You get a whiff of the prejudice in the reaction of the crowd.  “Are these not Galileans?”  The crowd assumed the Galileans must be drunk.  We know that kind of racial prejudice, the kind that expresses shock, “Oh, you’re a sober Galilean?  Oh, you’re such an articulate Galilean!  Why we all understand you.”  (This crowd did everything but reach out and touch Peter’s hair.)

 

And yet the miraculous happened.  “How is it that we hear, each of us, in our own native language?”  Usually our tradition focuses on this miracle as a gift of the Holy Spirit that allowed Peter to communicate the Gospel.  Speaking in tongues as a method of conversion; our tradition put the focus on conversion.  But what if it was not just a means to an end?  What if the gift of speaking all those languages were really part of God’s vision?  What if the unity among all those diverse people was in fact the point of it all?   What if all those Parthians, Medes, Elamites, and residents of Mesopotamia, Judea and Cappadocia, Pontus and Asia, Phrygia and Pamphylia, Egypt and the parts of Libya belonging to Cyrene, and visitors from Rome, both Jews and proselytes, Cretans and Arabs standing together was, in fact, the point of it all?

 

Pentecost points to a different kind of belonging than Babel.  In Babel, people belonged because a system of domination enforced conformity.  But on Pentecost, people belonged not because they were smart, or wealthy, or white, or the same; but because God loved them all.

 

I think we face a crisis of belonging.  We long for the Maverick-Goose moment from Top Gun, that moment when we sing “Goodness gracious,” and feel in the depths of our soul that we belong.  On Pentecost, we find the Holy Spirit shaking nerves and rattling brains.  Because God longs too for us all to belong together.  Regardless of our different cultures, to belong together.  To hug each other and ask, do you have any curry going spare?

 

Alleluia and Amen.

 

 

 

 

 

Sources:

  • Bodo, Lorand, “Excluded: The Sense of Non-Belonging and Violent Radicalisation in the UK,” August 7, 2016 (accessed May 31, 2017).

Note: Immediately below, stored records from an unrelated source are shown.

(* Let $\Sigma=(I,X,\mathcal U,\phi,Y,h)$ be a forward complete control system with outputs. If $\Sigma$ is OUAG and BORS, then $\Sigma$ is OUGB.
   Context: Let $I\in\{\mathbb N_0,\mathbb R_0^+\}$. A forward complete control system with outputs $\Sigma=(I,X,\mathcal U,\phi,Y,h)$ consists of: a normed space $(X,\|\cdot\|_X)$; a vector space $U$ and a normed linear subspace $(\mathcal U,\|\cdot\|_{\mathcal U})$ of $\{u:I\to U\}$ such that for all $u\in\mathcal U,\tau\in I$, $u(\cdot+\tau)\in\mathcal U$ with $\|u(\cdot+\tau)\|_{\mathcal U}\le\|u\|_{\mathcal U}$, and for $t_2\ge t_1\ge 0$ the function $u|_{[t_1,t_2]}$ ($u$ on $[t_1,t_2]$, $0$ elsewhere) lies in $\mathcal U$ with norm $\le\|u\|_{\mathcal U}$; a map $\phi:I\times X\times\mathcal U\to X$ with $\phi(0,x,u)=x$, causality, and cocycle property $\phi(t+s,x,u)=\phi(s,\phi(t,x,u),u(t+\cdot))$; a normed space $Y$ and $h:X\times U\to Y$. Write $y(t,x,u)=h(\phi(t,x,u),u(t))$, $B_r=\{x:\|x\|_X<r\}$, $B_{r,\mathcal U}=\{u:\|u\|_{\mathcal U}<r\}$; $\mathcal K_\infty$ = unbounded continuous strictly increasing functions $\mathbb R_0^+\to\mathbb R_0^+$ vanishing at $0$. OUAG: $\exists\gamma\in\mathcal K_\infty$ such that for all $\varepsilon,r,s>0$ there is $\tau\in I$ with $\|y(t,x,u)\|_Y\le\varepsilon+\gamma(\|u\|_{\mathcal U})$ for all $x\in B_r,u\in B_{s,\mathcal U},t\ge\tau$. BORS: for all $C>0,\tau\in I$: $\sup\{\|y(t,x,u)\|_Y:\|x\|_X<C,\|u\|_{\mathcal U}<C,t\in I,t<\tau\}<\infty$. OUGB: $\exists\sigma,\gamma\in\mathcal K_\infty,c>0$ with $\|y(t,x,u)\|_Y\le\sigma(\|x\|_X)+\gamma(\|u\|_{\mathcal U})+c$ for all $x\in X,u\in\mathcal U,t\in I$. *)

theory Defs
  imports "HOL-Analysis.Analysis"
begin

definition time_domain :: "real set \<Rightarrow> bool" where
  "time_domain T \<longleftrightarrow> T = range real \<or> T = {0..}"

definition Kinf :: "(real \<Rightarrow> real) \<Rightarrow> bool" where
  "Kinf f \<longleftrightarrow> continuous_on {0..} f \<and> strict_mono_on {0..} f \<and> f 0 = 0
      \<and> (\<forall>M. \<exists>r\<ge>0. f r > M)"

text \<open>Inputs are functions I \<rightarrow> U, represented as functions on the reals that vanish off I.\<close>
definition shift_in :: "real set \<Rightarrow> real \<Rightarrow> (real \<Rightarrow> 'u::zero) \<Rightarrow> real \<Rightarrow> 'u" where
  "shift_in T \<tau> u = (\<lambda>t. if t \<in> T then u (t + \<tau>) else 0)"

definition restr_in :: "real set \<Rightarrow> real \<Rightarrow> real \<Rightarrow> (real \<Rightarrow> 'u::zero) \<Rightarrow> real \<Rightarrow> 'u" where
  "restr_in T t1 t2 u = (\<lambda>t. if t \<in> T \<and> t1 \<le> t \<and> t \<le> t2 then u t else 0)"
(* Fix $\beta_1,\beta_2\in(0,\infty)$, $\bar p\in(0,1)$ and set $p_0:=\frac{\bar p}{\bar p+(1-\bar p)\exp(-2d\beta_1)}\in(0,1)$. Then for any finite $\Lambda\subseteq\mathbb{Z}^d_n$ and any $m\in\mathbb{Z}^\Lambda$, $$\langle\cos(m\theta)\rangle_{\mu_{\Lambda,\beta_1,\beta_2,\kappa}}\leq\mathbb{E}_{p_0}\big[\langle\cos(m\theta)\rangle_{\mu_{\Lambda,\beta_1,\beta_2,r}}\big],$$ where $\kappa=\kappa(\bar p)$.
   Context: Fix $n\in\mathbb{N}$. $\mathbb{Z}^d_n$ is the graph obtained from $\mathbb{Z}^d$ by adding $n$ vertices on each edge; vertices of $\mathbb{Z}^d$ are identified with the corresponding vertices of $\mathbb{Z}^d_n$, and $x\sim_n y$ denotes adjacency in $\mathbb{Z}^d_n$. $m\theta:=\sum_{x\in\Lambda}m_x\theta_x$. For $r\in\{0,1\}^\Lambda$ and $\theta\in[0,2\pi)^\Lambda$, $H_{\Lambda,\beta_1,\beta_2}(r,\theta)=-\beta_1\sum_{x\sim_n y,\,x,y\in\Lambda,\,\{x,y\}\cap\mathbb{Z}^d\neq\emptyset}r_xr_y\cos(\theta_x-\theta_y)-\beta_2\sum_{x\sim_n y,\,x,y\in\Lambda,\,\{x,y\}\cap\mathbb{Z}^d=\emptyset}r_xr_y\cos(\theta_x-\theta_y)$. Quenched measure: $\mu_{\Lambda,\beta_1,\beta_2,r}(d\theta)=Z^{-1}e^{-H_{\Lambda,\beta_1,\beta_2}(r,\theta)}\prod_{x\in\Lambda}d\theta_x$ ($d\theta_x$ uniform on $[0,2\pi)$). Let $\kappa(\bar p)=(\kappa_x)$ with $\kappa_x=(1-\bar p)\delta_0+\bar p\delta_1$ for $x\in\mathbb{Z}^d$ and $\kappa_x=\delta_1$ for $x\in\mathbb{Z}^d_n\setminus\mathbb{Z}^d$; annealed measure: $\mu_{\Lambda,\beta_1,\beta_2,\kappa}(dr\,d\theta)=Z^{-1}e^{-H_{\Lambda,\beta_1,\beta_2}(r,\theta)}\prod_{x\in\Lambda}d\kappa_x(r_x)d\theta_x$. $\mathbb{P}_{\Lambda,p}$ is the product measure on $\{0,1\}^\Lambda$ with $\mathbb{P}(r_x=1)=p$ for $x\in\Lambda\cap\mathbb{Z}^d$ and $\mathbb{P}(r_x=1)=1$ for $x\in\Lambda\setminus\mathbb{Z}^d$; $\mathbb{E}_p$ is its expectation. *)

theory Defs
  imports "HOL-Probability.Probability"
begin

text \<open>Model of the decorated lattice Z^d_n: Z^d is the type 'd => int with 'd finite,
  d = CARD('d). Z^d_n is realised inside Z^d scaled by (n+1): the original vertex x
  of Z^d corresponds to (n+1) x, and the n added vertices on the edge {x, x+e_i}
  are (n+1) x + k e_i, k = 1..n.\<close>

definition Zd_vert :: "nat \<Rightarrow> ('d::finite \<Rightarrow> int) set" where
  "Zd_vert n = {v. \<forall>i. int (n + 1) dvd v i}"

definition Zdn_vert :: "nat \<Rightarrow> ('d::finite \<Rightarrow> int) set" where
  "Zdn_vert n = {v. card {i. \<not> int (n + 1) dvd v i} \<le> 1}"

definition adj_n :: "nat \<Rightarrow> ('d::finite \<Rightarrow> int) \<Rightarrow> ('d \<Rightarrow> int) \<Rightarrow> bool" where
  "adj_n n v w \<longleftrightarrow> v \<in> Zdn_vert n \<and> w \<in> Zdn_vert n \<and> (\<Sum>i\<in>UNIV. \<bar>v i - w i\<bar>) = 1"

  • “Everything We Know About Manchester Suicide Bomber Salman Abedi,” The Daily Telegraph, May 26, 2017 (accessed June 2, 2017).

  • Ferandez, Eleazar S., “From Babel to Pentecost: Finding a Home in the Belly of the Empire,” Semeia.

  • Kristof, Nicholas, “On a Portland Train, the Battlefield of American Values,” New York Times, May 30, 2017.

  • Lewis, Jerry Lee, “Great Balls of Fire.”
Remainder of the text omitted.